lemma hermite_sum_ge_sqrt: "\<exists>c>0. \<forall>\<^sub>F m in sequentially. c * sqrt m \<le> hermite_sum u m"
proof -
  define r where "r m = hermite_sum u m / (sqrt m + (\<bar>u\<bar> + 1))" for m
  define c where "c = min (r 14) (r 15)"
  have pos: "sqrt m + (\<bar>u\<bar> + 1) > 0" for m :: nat by (simp add: add_nonneg_pos)
  have "r m > 0" for m
    unfolding r_def using hermite_sum_ge_1[of u m] pos[of m] by simp
  then have "c > 0" unfolding c_def by simp
  moreover have "c * sqrt m \<le> hermite_sum u m" if "m \<ge> 14" for m
  proof -
    have "c \<le> r m"
      unfolding c_def using that hermite_sum_lower_step[of _ u]
      by (intro two_step_mono_ge_min[where N = 14, simplified]) (simp_all add: r_def add.commute)
    then have "c * (sqrt m + (\<bar>u\<bar> + 1)) \<le> hermite_sum u m"
      unfolding r_def using pos[of m] by (simp add: le_divide_eq)
    moreover have "c * sqrt m \<le> c * (sqrt m + (\<bar>u\<bar> + 1))"
      using \<open>c > 0\<close> by simp
    ultimately show ?thesis by linarith
  qed
  ultimately show ?thesis unfolding eventually_sequentially by blast
qed

lemma hermite_sum_le_sqrt: "\<exists>C. \<forall>\<^sub>F m in sequentially. hermite_sum u m \<le> C * sqrt m"
proof -
  obtain N where N: "\<And>k. k \<ge> N \<Longrightarrow> \<bar>u\<bar> + 3 \<le> sqrt (real k)"
    using eventually_le_sqrt_sequentially[of "\<bar>u\<bar> + 3"] unfolding eventually_sequentially by blast
  define r where "r m = (sqrt m - \<bar>u\<bar>) / hermite_sum u m" for m
  define c where "c = min (r N) (r (Suc N))"
  have "r m > 0" if "m \<ge> N" for m
    unfolding r_def using hermite_sum_ge_1[of u m] N[OF that] by simp
  then have "c > 0" unfolding c_def by simp
  have mono: "r k \<le> r (k + 2)" if "k \<ge> N" for k
    using hermite_sum_upper_step[where k = k and u = u] N[OF that] by (simp add: r_def add.commute)
  have "hermite_sum u m \<le> 1 / c * sqrt m" if "m \<ge> N" for m
  proof -
    have "c \<le> r m" unfolding c_def by (rule two_step_mono_ge_min[where r = r, OF mono that])
    then have "c * hermite_sum u m \<le> sqrt m - \<bar>u\<bar>"
      unfolding r_def using hermite_sum_ge_1[of u m] by (simp add: le_divide_eq)
    then have "c * hermite_sum u m \<le> sqrt m" by linarith
    then show ?thesis using \<open>c > 0\<close> by (simp add: field_simps)
  qed
  then show ?thesis unfolding eventually_sequentially by blast
qed

lemma hermite_term_le_sqrt:
  "\<exists>C. \<forall>\<^sub>F q in sequentially. hermite_term u (Suc q) \<le> C / sqrt (Suc q)"
proof -
  obtain C where C: "\<forall>\<^sub>F m in sequentially. hermite_sum u m \<le> C * sqrt m"
    using hermite_sum_le_sqrt by blast
  have bound: "hermite_term u (Suc q) \<le> 2 * C / sqrt (Suc q)"
    if S: "hermite_sum u (q + 2) \<le> C * sqrt (real (q + 2))" and u: "\<bar>u\<bar> \<le> sqrt q" for q
  proof -
    define x where "x = sqrt (real q + 2)"
    define b where "b = hermite_term u (Suc q)"
    define b' where "b' = hermite_term u (Suc (Suc q))"
    have x: "x \<ge> 1" "x * x = real q + 2" "sqrt (Suc q) \<le> x" "sqrt q \<le> x" unfolding x_def by simp_all
    have b: "b \<ge> 0" "b' \<ge> 0" unfolding b_def b'_def by (simp_all add: hermite_term_nonneg)
    have "\<bar>u\<bar> \<le> x" using u x(4) by linarith
    from mult_right_mono[OF this, of x] x(1)
    have coef: "x * x / 2 \<le> real q + 2 - \<bar>u\<bar>/2 * x" using x(2) by simp
    have "0 \<le> x * x" by simp
    with coef have coef0: "0 \<le> real q + 2 - \<bar>u\<bar>/2 * x" by linarith
    have "x * x / 2 * b \<le> (real q + 2 - \<bar>u\<bar>/2 * x) * b"
      using coef b(1) by (rule mult_right_mono)
    also have "\<dots> \<le> (real q + 2 - \<bar>u\<bar>/2 * x) * (b + b')"
      using coef0 b(2) by (intro mult_left_mono) simp_all
    also have "\<dots> \<le> hermite_sum u (q + 2)"
      unfolding x_def b_def b'_def add_2_eq_Suc' by (rule hermite_sum_ge_pair)
    also have "\<dots> \<le> C * x" using S unfolding x_def by (simp add: add.commute)
    finally have "x * (x * b) \<le> x * (2 * C)" by (simp add: algebra_simps)
    then have xb: "x * b \<le> 2 * C" using x(1) by simp
    have "sqrt (Suc q) * b \<le> x * b" using x(3) b(1) by (rule mult_right_mono)
    then have "b * sqrt (Suc q) \<le> 2 * C" using xb by (simp add: mult.commute)
    then show ?thesis unfolding b_def by (simp add: le_divide_eq)
  qed
  have "\<forall>\<^sub>F q in sequentially. hermite_sum u (q + 2) \<le> C * sqrt (real (q + 2))"
    using C by (rule eventually_sequentially_seg[THEN iffD2])
  with eventually_le_sqrt_sequentially[of "\<bar>u\<bar>"]
  have "\<forall>\<^sub>F q in sequentially. hermite_term u (Suc q) \<le> 2 * C / sqrt (Suc q)"
    by eventually_elim (rule bound)
  then show ?thesis by blast
qed

lemma hermite_pair_ge_sqrt:
  "\<exists>c>0. \<forall>\<^sub>F q in sequentially.
     c / sqrt (real q + 2) \<le> hermite_term u (Suc q) + hermite_term u (Suc (Suc q))"
proof -
  obtain c where "c > 0" and c: "\<forall>\<^sub>F m in sequentially. c * sqrt m \<le> hermite_sum u m"
    using hermite_sum_ge_sqrt by blast
  define a where "a = \<bar>u\<bar>/2"
  have "a \<ge> 0" unfolding a_def by simp
  have bound: "c / (2 + a) / sqrt (real q + 2) \<le> hermite_term u (Suc q) + hermite_term u (Suc (Suc q))"
    if S: "c * sqrt (real (q + 2)) \<le> hermite_sum u (q + 2)" for q
  proof -
    define x where "x = sqrt (real q + 2)"
    define d where "d = hermite_term u (Suc q) + hermite_term u (Suc (Suc q))"
    have x: "x \<ge> 1" "x * x = real q + 2" unfolding x_def by simp_all
    have "d \<ge> 0" unfolding d_def by (simp add: add_nonneg_nonneg hermite_term_nonneg)
    have "a * x \<le> a * (x * x)" using \<open>a \<ge> 0\<close> x(1) by (simp add: mult_left_mono)
    then have coef: "real q + 3 + a * x \<le> (2 + a) * (x * x)" using x by (simp add: algebra_simps)
    have "c * x \<le> hermite_sum u (q + 2)" using S unfolding x_def by (simp add: add.commute)
    also have "\<dots> \<le> (real q + 3 + a * x) * d"
      unfolding x_def d_def a_def add_2_eq_Suc' by (rule hermite_sum_le_pair)
    also have "\<dots> \<le> (2 + a) * (x * x) * d" using coef \<open>d \<ge> 0\<close> by (rule mult_right_mono)
    finally have "x * c \<le> x * ((2 + a) * x * d)" by (simp add: algebra_simps)
    then have "c \<le> d * ((2 + a) * x)" using x(1) by (simp add: ac_simps)
    moreover have "(2 + a) * x > 0" using x(1) \<open>a \<ge> 0\<close> by simp
    ultimately have "c / ((2 + a) * x) \<le> d" by (simp add: pos_divide_le_eq)
    then show ?thesis unfolding x_def d_def by simp
  qed
  have "\<forall>\<^sub>F q in sequentially. c * sqrt (real (q + 2)) \<le> hermite_sum u (q + 2)"
    using c by (rule eventually_sequentially_seg[THEN iffD2])
  then have "\<forall>\<^sub>F q in sequentially.
      c / (2 + a) / sqrt (real q + 2) \<le> hermite_term u (Suc q) + hermite_term u (Suc (Suc q))"
    by eventually_elim (rule bound)
  moreover have "c / (2 + a) > 0" using \<open>c > 0\<close> \<open>a \<ge> 0\<close> by simp
  ultimately show ?thesis by blast
qed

##############################

#### [Work to be completed]
Please give an exact copy of the entries above, from the line with "unfolding c_def using" down to the line with "1)) \<le> hermite_sum", inclusive, and nothing else.

#### [Response to this task]
      unfolding c_def using that hermite_sum_lower_step[of _ u]
      by (intro two_step_mono_ge_min[where N = 14, simplified]) (simp_all add: r_def add.commute)
    then have "c * (sqrt m + (\<bar>u\<bar> + 1)) \<le> hermite_sum u m"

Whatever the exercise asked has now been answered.